Agra hanya diam. Kepalanya menunduk dan mendongak. Tangannya mencatat. Kulihat catatan dia, kosong. Semakin kesal aku dibuatnya. Kugoyangkan bahunya. “Coy! Jawab kalo nggak gue gak bakal denger semua omongan lo lagi,” ancamku.

Akhirnya Agra angkat bicara, “Gue sama Tiur lagi deket kok. Doain aja.” Aku diam, bengong. Nggak ngerti mau jawab apa.

“Kalian udah jadian gitu?” I’m digging so much information right now. I don’t care if my heart is bleeding. And my curiousity is bigger than my heartache.

“Belom sih, doain aja,” aku hanya tersenyum. Sesungguhnya di dalam diri hati sudah remuk badan rasanya mau rontok, dan berguling di kasur sambil mendengarkan lagu-lagu sedih pilihan.

I knew about it. Now, my heart is bleeding more than before.

Doaku selama seminggu ini nggak terkabul. Hari ini akhirnya hujan deras! Benar-benar deh. Ceritanya mau pergi ke tempat les buat belajar. Besok ulangan. Tapi hujan deras begini. Yasudahlah, mau gimana. Kutunggu di depan teras sekolahan.

Sekolahan sudah sepi, nggak ada yang bisa kuajak bicara. Akhirnya aku menerawang saja. Memikirkan semua hal yang mau terlintas di otak. Dan terlintaslah pula satu nama pemicu perut melilit dan mata mendadak kabur: Agra.



“Pernah rasanya lo suka sama orang tapi orang itu nggak tau?” kata Agra sambil mengaduk-aduk jus pisangnya, aku yang sedang memakan kwetiau rebus mendadak keselek. Dan tenggorokanku rasanya terbakar. Salah strategi ini aku menambahkan rawit kebanyakan tadi.

Aku terbatuk dan segera minum air. Malu kali dikiranya aku se-mellow itu.

Padahal iya.

“Lo kenapa? Nih minum punya gue aja,” Agra menyodorkan jus pisangnya.

“Ah, nggak usah kok. Makasih. Sini, gue jawab pertanyaan lo. Ya pasti pernah lah. Rasanya ya…. sakit lah. Kita mau kasih tau, tapi kita terlalu deket sama dia. Dan kita nggak mau karena rasa yang kita pendam sendirian itu buat jarak diantara kita ngejauh gitu…” rasa sakit menjalar ke sekujur badanku ketika kata terakhir terucap. Sakit karena apa tak bisa aku jelaskan secara pasti. Mungkin karena aku sedang menjelaskan diriku sendiri.

“Lo kok jelasin ginian jago amat? Lo pernah ngerasain sama siapa?

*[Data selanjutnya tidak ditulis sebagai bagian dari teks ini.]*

lemma sum_first_passage_Suc:
  "(\<Sum>k<Suc (Suc K). first_passage P k c a) = P c a
     + (\<integral>\<^sup>+ d. P c d * ind (d \<noteq> a) * (\<Sum>k<Suc K. first_passage P k d a) \<partial>count_space UNIV)"
proof -
  have "(\<Sum>k<Suc (Suc K). first_passage P k c a) = P c a + (\<Sum>k<K. first_passage P (Suc (Suc k)) c a)"
    by (simp only: sum.lessThan_Suc_shift) simp
  also have "(\<Sum>k<K. first_passage P (Suc (Suc k)) c a)
      = (\<integral>\<^sup>+ d. (\<Sum>k<K. P c d * ind (d \<noteq> a) * first_passage P (Suc k) d a) \<partial>count_space UNIV)"
    by (simp add: nn_integral_sum)
  also have "\<dots> = (\<integral>\<^sup>+ d. P c d * ind (d \<noteq> a) * (\<Sum>k<Suc K. first_passage P k d a) \<partial>count_space UNIV)"
    by (simp only: sum.lessThan_Suc_shift) (simp add: sum_distrib_left)
  finally show ?thesis .
qed

lemma return_prob_mult_le:
  fixes P :: "'s \<Rightarrow> 's \<Rightarrow> ennreal" and g :: "'s \<Rightarrow> ennreal"
  assumes superharmonic: "\<And>c. (\<integral>\<^sup>+ d. P c d * g d \<partial>count_space UNIV) \<le> g c"
  shows "return_prob P a * g a \<le> (\<integral>\<^sup>+ d. P a d * g d \<partial>count_space UNIV)"
proof -
  define S where "S K c = (\<Sum>k<Suc K. first_passage P k c a)" for K c
  have partial: "S K c * g a \<le> (\<integral>\<^sup>+ d. P c d * g d \<partial>count_space UNIV)" for K c
  proof (induction K arbitrary: c)
    case 0
    then show ?case by (simp add: S_def)
  next
    case (Suc K)
    have "S (Suc K) c * g a
        = P c a * g a + (\<integral>\<^sup>+ d. P c d * ind (d \<noteq> a) * S K d \<partial>count_space UNIV) * g a"
      unfolding S_def sum_first_passage_Suc by (simp add: distrib_right)
    also have "\<dots> = P c a * g a + (\<integral>\<^sup>+ d. P c d * ind (d \<noteq> a) * (S K d * g a) \<partial>count_space UNIV)"
      using nn_integral_multc[of "\<lambda>d. P c d * ind (d \<noteq> a) * S K d" "count_space UNIV" "g a"]
      by (simp add: mult.assoc)
    also have "\<dots> \<le> P c a * g a + (\<integral>\<^sup>+ d. P c d * ind (d \<noteq> a) * g d \<partial>count_space UNIV)"
      using order_trans[OF Suc.IH superharmonic] by (intro add_left_mono nn_integral_mono mult_left_mono) simp_all
    also have "\<dots> = (\<integral>\<^sup>+ d. P c d * g d \<partial>count_space UNIV)"
      by (rule nn_integral_split_at[symmetric])
    finally show ?case .
  qed
  have "(\<Sum>k<N. first_passage P k a a * g a) \<le> (\<integral>\<^sup>+ d. P a d * g d \<partial>count_space UNIV)" for N
  proof -
    have "(\<Sum>k<N. first_passage P k a a) \<le> S N a"
      unfolding S_def by (rule sum_mono2) auto
    then show ?thesis
      unfolding sum_distrib_right[symmetric] by (rule order_trans[OF mult_right_mono partial]) simp
  qed
  then have "(\<Sum>k. first_passage P k a a * g a) \<le> (\<integral>\<^sup>+ d. P a d * g d \<partial>count_space UNIV)"
    using ennreal_suminf_bound_add[where y = 0] by (simp del: ennreal_suminf_multc)
  then show ?thesis by (simp add: return_prob_def)
qed

lemma transient_stateI_superharmonic:
  fixes P :: "'s \<Rightarrow> 's \<Rightarrow> ennreal" and g :: "'s \<Rightarrow> ennreal"
  assumes "\<And>c. (\<integral>\<^sup>+ d. P c d * g d \<partial>count_space UNIV) \<le> g c"
    and "(\<integral>\<^sup>+ d. P a d * g d \<partial>count_space UNIV) < g a"
  shows "transient_state P a"
proof (rule ccontr)
  assume "\<not> transient_state P a"
  then have "1 * g a \<le> return_prob P a * g a"
    unfolding transient_state_def by (intro mult_right_mono) auto
  also have "\<dots> \<le> (\<integral>\<^sup>+ d. P a d * g d \<partial>count_space UNIV)"
    using assms(1) by (rule return_prob_mult_le)
  finally show False using assms(2) by simp
qed

lemma nn_integral_jump_prob_less:
  assumes T0: "total_rate kb kd kI kE kF kC \<mu> \<psi> n \<noteq> 0"
    and T_fin: "total_rate kb kd kI kE kF kC \<mu> \<psi> n \<noteq> \<top>"
    and less: "(\<integral>\<^sup>+ m. rate kb kd kI kE kF kC \<mu> \<psi> n m * ind (m \<noteq> n) * g m \<partial>count_space UNIV)
      < total_rate kb kd kI kE kF kC \<mu> \<psi> n * g n"
  shows "(\<integral>\<^sup>+ m. jump_prob kb kd kI kE kF kC \<mu> \<psi> n m * g m \<partial>count_space UNIV) < g n"
proof -
  let ?T = "total_rate kb kd kI kE kF kC \<mu> \<psi> n"
  have "(\<integral>\<^sup>+ m. jump_prob kb kd kI kE kF kC \<mu> \<psi> n m * g m \<partial>count_space UNIV)
      = (\<integral>\<^sup>+ m. rate kb kd kI kE kF kC \<mu> \<psi> n m * ind (m \<noteq> n) * g m \<partial>count_space UNIV) / ?T"
    using T0 by (simp add: jump_prob_def ennreal_times_divide nn_integral_divide[symmetric] ac_simps)
  also have "\<dots> < g n"
    using less T0 T_fin by (simp add: divide_less_ennreal top.not_eq_extremum mult.commute)
  finally show ?thesis .
qed

lemma nn_integral_suminf_ind:
  "(\<integral>\<^sup>+ m. (\<Sum>x. c x * ind (m = t x)) * h m \<partial>count_space UNIV) = (\<Sum>x. c x * h (t x))"
proof -
  have "(\<integral>\<^sup>+ m. (\<Sum>x. c x * ind (m = t x)) * h m \<partial>count_space UNIV)
      = (\<Sum>x. \<integral>\<^sup>+ m. c x * (ind (m = t x) * h m) \<partial>count_space UNIV)"
    by (simp add: nn_integral_suminf mult.assoc flip: ennreal_suminf_multc)
  also have "\<dots> = (\<Sum>x. c x * h (t x))"
    by (simp add: nn_integral_cmult nn_integral_ind_eq)
  finally show ?thesis .
qed

lemma nn_integral_suminf_suminf_ind:
  "(\<integral>\<^sup>+ m. (\<Sum>x. c x * (\<Sum>y. d x y * ind (m = t x y))) * h m \<partial>count_space UNIV)
    = (\<Sum>x. c x * (\<Sum>y. d x y * h (t x y)))"
proof -
  have "(\<integral>\<^sup>+ m. (\<Sum>x. c x * (\<Sum>y. d x y * ind (m = t x y))) * h m \<partial>count_space UNIV)
      = (\<Sum>x. \<integral>\<^sup>+ m. c x * ((\<Sum>y. d x y * ind (m = t x y)) * h m) \<partial>count_space UNIV)"
    by (simp add: nn_integral_suminf mult.assoc flip: ennreal_suminf_multc)
  also have "\<dots> = (\<Sum>x. c x * (\<Sum>y. d x y * h (t x y)))"
    by (simp add: nn_integral_cmult nn_integral_suminf_ind)
  finally show ?thesis .
qed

Sama gue lagi jangan jangan sekarang…. Hehe,” Agra tersenyum lebar, aku hanya balas tersenyum datar sambil memutar bola mata. Rasanya mulai sesak ini dada.

“Ah nggak ah, lo mah GR banget. Eh gue cabut duluan ya, kebelet pengen ke toilet,” kataku buru-buru bangkit. Daripada makin sakit di sini mending boong deh.

Dan sisa waktu sebelum bel masuk aku habiskan dengan duduk di kursi pinggir lapangan sambil menatap nanar ke kolam ikan. Orang-orang yang melewati kolam melihatku dengan pandangan iba, seakan-akan aku akan bunuh diri ke dalam kolam ikan itu.

Setetes….

Dua tetes….

Ah bodo ngalir aja terus.

“Woy, bengong aja!” seseorang menutup mataku. Aku diam saja. “Loh kok basah pipi lo? Kenapa?” dia melembutkan volume suaranya dan berpindah ke sampingku.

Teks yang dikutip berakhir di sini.